• _WHAT THE TASK ASKS_: The records appear below. Set down exactly each line from the one that contains "2(1) by (simp add: induced_connected_iff_reachable_in)" through the last, both included.

+++++

lemma forced_outside_block_subset:
  assumes G: "graph V E" and Bb: "is_block V E B" and SV: "S \<subseteq> V"
    and S: "induced_connected E S" and SB: "S \<inter> B \<noteq> {}"
  shows "forced_outside V E B S \<inter> B \<subseteq> S \<inter> B"
proof
  fix w assume w: "w \<in> forced_outside V E B S \<inter> B"
  show "w \<in> S \<inter> B"
  proof (rule ccontr)
    assume "w \<notin> S \<inter> B"
    then obtain s u where su: "s \<in> S - B" "u \<in> V - B" "reachable_in E (V - B) s u" "E u w"
      using forced_outside_subset[OF SV] w by blast
    obtain b where b: "b \<in> S \<inter> B" using SB by blast
    have "reachable_in E S s b" using S su(1) b by (simp add: induced_connected_iff_reachable_in)
    then obtain y z where yz: "reachable_in E (S \<inter> (V - B)) s y" "y \<in> S \<inter> (V - B)"
      "z \<in> S - (V - B)" "E y z"
      using reachable_in_exit[of E S s b "V - B"] su(1) b SV by blast
    have "reachable_in E (V - B) s y" by (rule reachable_in_mono[OF yz(1)]) blast
    then have "reachable_in E (V - B) u y"
      by (rule reachable_in_trans[OF reachable_in_sym[OF graph_symp[OF G] su(3)]])
    moreover have "z \<in> B" "w \<in> B" using yz(3) w SV by auto
    ultimately have "w = z" using block_attachment_unique[OF G Bb su(2) _ _ su(4) _ yz(4)] by blast
    then show False using \<open>w \<notin> S \<inter> B\<close> w yz(3) by blast
  qed
qed

lemma card_forced_outside_block_le_one:
  assumes G: "graph V E" and Bb: "is_block V E B" and SV: "S \<subseteq> V"
    and S: "induced_connected E S" and SB: "S \<inter> B = {}"
  shows "card (forced_outside V E B S \<inter> B) \<le> 1"
proof -
  let ?F = "forced_outside V E B S"
  have attached: "\<exists>s u. s \<in> S \<and> u \<in> V - B \<and> reachable_in E (V - B) s u \<and> E u w"
    if "w \<in> ?F \<inter> B" for w
    using forced_outside_subset[OF SV] that SB by blast
  have "w1 = w2" if w: "w1 \<in> ?F \<inter> B" "w2 \<in> ?F \<inter> B" for w1 w2
  proof -
    obtain s1 u1 where 1: "s1 \<in> S" "u1 \<in> V - B" "reachable_in E (V - B) s1 u1" "E u1 w1"
      using attached[OF w(1)] by blast
    obtain s2 u2 where 2: "s2 \<in> S" "u2 \<in> V - B" "reachable_in E (V - B) s2 u2" "E u2 w2"
      using attached[OF w(2)] by blast
    have "reachable_in E S s1 s2" using S 1(1) 2(1) by (simp add: induced_connected_iff_reachable_in)
    then have "reachable_in E (V - B) s1 s2" by (rule reachable_in_mono) (use SV SB in blast)
    then have "reachable_in E (V - B) s1 u2" by (rule reachable_in_trans[OF _ 2(3)])
    then have "reachable_in E (V - B) u1 u2"
      by (rule reachable_in_trans[OF reachable_in_sym[OF graph_symp[OF G] 1(3)]])
    moreover have "w1 \<in> B" "w2 \<in> B" using w by auto
    ultimately show "w1 = w2" using block_attachment_unique[OF G Bb 1(2) _ _ 1(4) _ 2(4)] by blast
  qed
  moreover have "finite (?F \<inter> B)"
    using finite_block[OF G Bb] by simp
  ultimately show ?thesis using card_le_Suc0_iff_eq[of "?F \<inter> B"] by simp
qed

+++++

• _SOLUTION_:
    have "reachable_in E S s1 s2" using S 1(1) 2(1) by (simp add: induced_connected_iff_reachable_in)
    then have "reachable_in E (V - B) s1 s2" by (rule reachable_in_mono) (use SV SB in blast)
    then have "reachable_in E (V - B) s1 u2" by (rule reachable_in_trans[OF _ 2(3)])
    then have "reachable_in E (V - B) u1 u2"
      by (rule reachable_in_trans[OF reachable_in_sym[OF graph_symp[OF G] 1(3)]])
    moreover have "w1 \<in> B" "w2 \<in> B" using w by auto
    ultimately show "w1 = w2" using block_attachment_unique[OF G Bb 1(2) _ _ 1(4) _ 2(4)] by blast
  qed
  moreover have "finite (?F \<inter> B)"
    using finite_block[OF G Bb] by simp
  ultimately show ?thesis using card_le_Suc0_iff_eq[of "?F \<inter> B"] by simp
qed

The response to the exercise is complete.